Earlier this month, I attended a conference in London staged by the Hanns Seidel Stiftung, a German public policy foundation, and the University of Cambridge’s Centre for Geopolitics. The conference offered valuable insights into what Germany’s new national security strategy will look like and how effective it will be.

The observation of one German participant made a strong impression on me. She said: “All our allies, from the US to central and eastern Europe, seem to be sincere in saying to us, ‘Germany, please, up your game!’”

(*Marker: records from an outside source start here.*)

lemma DERIV_nonzero_imp_constant_sign:
  fixes k k' :: "real \<Rightarrow> real"
  assumes der: "\<And>z. z \<in> {c<..<d} \<Longrightarrow> DERIV k z :> k' z"
    and nz: "\<And>z. z \<in> {c<..<d} \<Longrightarrow> k' z \<noteq> 0"
  shows "(\<forall>z\<in>{c<..<d}. 0 < k' z) \<or> (\<forall>z\<in>{c<..<d}. k' z < 0)"
proof (rule ccontr)
  assume "\<not> ?thesis"
  then obtain x y where x: "x \<in> {c<..<d}" "0 < k' x" and y: "y \<in> {c<..<d}" "k' y < 0"
    using nz by (metis linorder_neqE_linordered_idom)
  then consider "x < y" | "y < x"
    by (metis less_asym linorder_neqE_linordered_idom)
  then obtain z where "z \<in> {c<..<d}" "k' z = 0"
  proof cases
    case 1
    have "\<And>z. z \<in> {x..y} \<Longrightarrow> DERIV k z :> k' z"
      using der x y by auto
    then obtain z where "z \<in> {x<..<y}" "k' z = 0"
      using DERIV_sign_change_imp_zero[of x y k k'] 1 x y by blast
    then show ?thesis
      using that[of z] x y by auto
  next
    case 2
    have "\<And>z. z \<in> {y..x} \<Longrightarrow> DERIV (\<lambda>v. - k v) z :> - k' z"
      using der x y by (auto intro!: DERIV_minus)
    then obtain z where "z \<in> {y<..<x}" "- k' z = 0"
      using DERIV_sign_change_imp_zero[of y x "\<lambda>v. - k v" "\<lambda>v. - k' v"] 2 x y by auto
    then show ?thesis
      using that[of z] x y by auto
  qed
  then show False
    using nz by blast
qed

lemma weighted_integral_deviation:
  fixes f h w :: "real \<Rightarrow> real"
  assumes "u \<le> v"
    and der: "\<And>x. x \<in> {u..v} \<Longrightarrow> (h has_real_derivative w x) (at x within {u..v})"
    and w_nonneg: "\<And>x. x \<in> {u..v} \<Longrightarrow> 0 \<le> w x"
    and int: "(\<lambda>x. w x * f x) integrable_on {u..v}"
    and close: "\<And>x. x \<in> {u..v} \<Longrightarrow> \<bar>f x - c\<bar> \<le> \<eta>"
  shows "\<bar>integral {u..v} (\<lambda>x. w x * f x) - c * (h v - h u)\<bar> \<le> \<eta> * (h v - h u)"
proof -
  have hw: "(w has_integral (h v - h u)) {u..v}"
    using \<open>u \<le> v\<close> der
    by (intro fundamental_theorem_of_calculus)
       (simp_all add: has_real_derivative_iff_has_vector_derivative)
  have cw: "((\<lambda>x. c * w x) has_integral c * (h v - h u)) {u..v}"
    by (rule has_integral_mult_right[OF hw])
  have "(\<lambda>x. w x * f x - c * w x) integrable_on {u..v}"
    using int cw by (intro integrable_diff) auto
  moreover have "(\<lambda>x. \<eta> * w x) integrable_on {u..v}"
    using has_integral_mult_right[OF hw] by blast
  moreover have "norm (w x * f x - c * w x) \<le> \<eta> * w x" if "x \<in> {u..v}" for x
  proof -
    have "w x * f x - c * w x = w x * (f x - c)"
      by (simp add: algebra_simps)
    then have "norm (w x * f x - c * w x) = w x * \<bar>f x - c\<bar>"
      using w_nonneg[OF that] by (simp add: abs_mult)
    also have "\<dots> \<le> w x * \<eta>"
      using w_nonneg[OF that] close[OF that] by (rule mult_left_mono[rotated])
    finally show ?thesis
      by (simp add: mult.commute)
  qed
  ultimately have "norm (integral {u..v} (\<lambda>x. w x * f x - c * w x)) \<le> integral {u..v} (\<lambda>x. \<eta> * w x)"
    by (rule integral_norm_bound_integral)
  moreover have "integral {u..v} (\<lambda>x. w x * f x - c * w x) = integral {u..v} (\<lambda>x. w x * f x) - c * (h v - h u)"
    using integral_diff[OF int has_integral_integrable[OF cw]] integral_unique[OF cw] by simp
  moreover have "integral {u..v} (\<lambda>x. \<eta> * w x) = \<eta> * (h v - h u)"
    using has_integral_mult_right[OF hw] by (rule integral_unique)
  ultimately show ?thesis
    by (simp only: real_norm_def)
qed

lemma integral_increment_deviation:
  fixes f h w :: "real \<Rightarrow> real"
  assumes "a \<le> u" and "u \<le> v"
    and der: "\<And>x. x \<in> {u..v} \<Longrightarrow> (h has_real_derivative w x) (at x within {u..v})"
    and w_nonneg: "\<And>x. x \<in> {u..v} \<Longrightarrow> 0 \<le> w x"
    and int: "(\<lambda>x. w x * f x) integrable_on {a..v}"
    and close: "\<And>x. x \<in> {u..v} \<Longrightarrow> \<bar>f x - c\<bar> \<le> \<eta>"
  shows "\<bar>integral {a..v} (\<lambda>x. w x * f x) - integral {a..u} (\<lambda>x. w x * f x) - c * (h v - h u)\<bar>
    \<le> \<eta> * \<bar>h v - h u\<bar>"
proof -
  have "(w has_integral (h v - h u)) {u..v}"
    using \<open>u \<le> v\<close> der
    by (intro fundamental_theorem_of_calculus)
       (simp_all add: has_real_derivative_iff_has_vector_derivative)
  then have "0 \<le> h v - h u"
    by (rule has_integral_nonneg) (use w_nonneg in blast)
  moreover have "integral {a..v} (\<lambda>x. w x * f x) - integral {a..u} (\<lambda>x. w x * f x)
      = integral {u..v} (\<lambda>x. w x * f x)"
    using Henstock_Kurzweil_Integration.integral_combine[OF \<open>a \<le> u\<close> \<open>u \<le> v\<close> int] by simp
  moreover have "(\<lambda>x. w x * f x) integrable_on {u..v}"
    using integrable_subinterval_real[OF int] \<open>a \<le> u\<close> by auto
  ultimately show ?thesis
    using weighted_integral_deviation[OF \<open>u \<le> v\<close> der w_nonneg _ close] by simp
qed

lemma DERIV_zero_if_increment_dominated:
  fixes f g h :: "real \<Rightarrow> real"
  assumes t: "t \<in> {c<..<d}" and "DERIV h t :> w" and "isCont f t"
    and dom: "\<And>y \<eta>. y \<in> {c<..<d} \<Longrightarrow> (\<And>x. \<bar>x - t\<bar> \<le> \<bar>y - t\<bar> \<Longrightarrow> \<bar>f x - f t\<bar> \<le> \<eta>) \<Longrightarrow>
      \<bar>g y - g t\<bar> \<le> \<eta> * \<bar>h y - h t\<bar>"
  shows "DERIV g t :> 0"
  unfolding has_field_derivative_iff
proof (rule tendstoI)
  fix e :: real
  assume "e > 0"
  define C where "C = \<bar>w\<bar> + 1"
  define \<eta> where "\<eta> = e / (2 * C)"
  have "C > 0" "\<eta> > 0"
    using \<open>e > 0\<close> by (auto simp: C_def \<eta>_def)
  obtain \<delta> where "\<delta> > 0" and \<delta>: "\<And>x. x \<noteq> t \<Longrightarrow> \<bar>x - t\<bar> < \<delta> \<Longrightarrow> \<bar>f x - f t\<bar> < \<eta>"
    using LIM_D[OF isContD[OF \<open>isCont f t\<close>] \<open>\<eta> > 0\<close>] by auto
  have "\<forall>\<^sub>F y in at t. dist ((h y - h t) / (y - t)) w < 1"
    using \<open>DERIV h t :> w\<close> by (intro tendstoD) (auto simp: has_field_derivative_iff)
  moreover have "\<forall>\<^sub>F y in at t. y \<in> {c<..<d} \<and> \<bar>y - t\<bar> < \<delta> \<and> y \<noteq> t"
    unfolding eventually_at using t \<open>\<delta> > 0\<close>
    by (intro exI[of _ "min \<delta> (min (t - c) (d - t))"]) (auto simp: dist_real_def)
  ultimately show "\<forall>\<^sub>F y in at t. dist ((g y - g t) / (y - t)) 0 < e"
  proof eventually_elim
    case (elim y)
    then have y: "y \<in> {c<..<d}" "\<bar>y - t\<bar> < \<delta>" "y \<noteq> t"
      by auto
    have "\<bar>f x - f t\<bar> \<le> \<eta>" if "\<bar>x - t\<bar> \<le> \<bar>y - t\<bar>" for x
      using \<delta>[of x] that y \<open>\<eta> > 0\<close> by (cases "x = t") auto
    then have "\<bar>g y - g t\<bar> \<le> \<eta> * \<bar>h y - h t\<bar>"
      by (rule dom[OF y(1)])
    also have "\<dots> \<le> \<eta> * (C * \<bar>y - t\<bar>)"
    proof -
      have "\<bar>(h y - h t) / (y - t) - w\<bar> < 1"
        using elim by (simp only: dist_real_def)
      then have "\<bar>(h y - h t) / (y - t)\<bar> \<le> C"
        unfolding C_def by arith
      then show ?thesis
        using y \<open>\<eta> > 0\<close> by (simp add: abs_divide divide_le_eq)
    qed
    also have "\<dots> < e * \<bar>y - t\<bar>"
      using y \<open>e > 0\<close> \<open>C > 0\<close> by (simp add: \<eta>_def)
    finally show ?case
      using y by (simp add: dist_real_def abs_divide divide_less_eq)
  qed
qed

lemma DERIV_integral_mult_nonneg_derivative:
  fixes f h w :: "real \<Rightarrow> real"
  assumes "a \<le> c" and t: "t \<in> {c<..<d}"
    and der: "\<And>x. x \<in> {c<..<d} \<Longrightarrow> DERIV h x :> w x"
    and w_nonneg: "\<And>x. x \<in> {c<..<d} \<Longrightarrow> 0 \<le> w x"
    and int: "\<And>x. x \<in> {c<..<d} \<Longrightarrow> (\<lambda>y. w y * f y) integrable_on {a..x}"
    and "isCont f t"
  shows "DERIV (\<lambda>x. integral {a..x} (\<lambda>y. w y * f y)) t :> w t * f t"
proof -
  define g where "g x = integral {a..x} (\<lambda>y. w y * f y) - f t * h x" for x
  have increment: "\<bar>g v - g u\<bar> \<le> \<eta> * \<bar>h v - h u\<bar>"
    if uv: "u \<in> {c<..<d}" "v \<in> {c<..<d}" "u \<le> v"
      and close: "\<And>x. x \<in> {u..v} \<Longrightarrow> \<bar>f x - f t\<bar> \<le> \<eta>" for u v \<eta>
  proof -
    have "a \<le> u"
      using \<open>a \<le> c\<close> uv by auto
    have "(h has_real_derivative w x) (at x within {u..v})" "0 \<le> w x" if "x \<in> {u..v}" for x
      using der[of x] w_nonneg[of x] uv that by (auto intro: has_field_derivative_at_within)
    from integral_increment_deviation[OF \<open>a \<le> u\<close> \<open>u \<le> v\<close> this int[OF uv(2)] close]
    show ?thesis
      by (simp add: g_def algebra_simps)
  qed
  have "DERIV g t :> 0"
  proof (rule DERIV_zero_if_increment_dominated[OF t der[OF t] \<open>isCont f t\<close>])
    fix y \<eta>
    assume "y \<in> {c<..<d}" and close: "\<And>x. \<bar>x - t\<bar> \<le> \<bar>y - t\<bar> \<Longrightarrow> \<bar>f x - f t\<bar> \<le> \<eta>"
    show "\<bar>g y - g t\<bar> \<le> \<eta> * \<bar>h y - h t\<bar>"
    proof (cases "t \<le> y")
      case True
      then show ?thesis
        using increment[of t y \<eta>] t \<open>y \<in> {c<..<d}\<close> close by auto
    next
      case False
      then show ?thesis
        using increment[of y t \<eta>] t \<open>y \<in> {c<..<d}\<close> close by (auto simp: abs_minus_commute)
    qed
  qed
  then have "DERIV (\<lambda>x. g x + f t * h x) t :> 0 + f t * w t"
    using der[OF t] by (intro DERIV_add DERIV_cmult)
  then show ?thesis
    by (simp add: g_def mult.commute)
qed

Germany’s friends on both sides of the Atlantic are keen to see Berlin take more responsibility for European security, spend more on defence (and spend it wisely) and, above all, think strategically. So the question is: will the new national security strategy enable Germany to step up to the mark?

What’s in a name?

What purpose does a national security strategy serve? Ideally, it sets out a conceptual framework for policymakers to plan foreign, defence and security policies.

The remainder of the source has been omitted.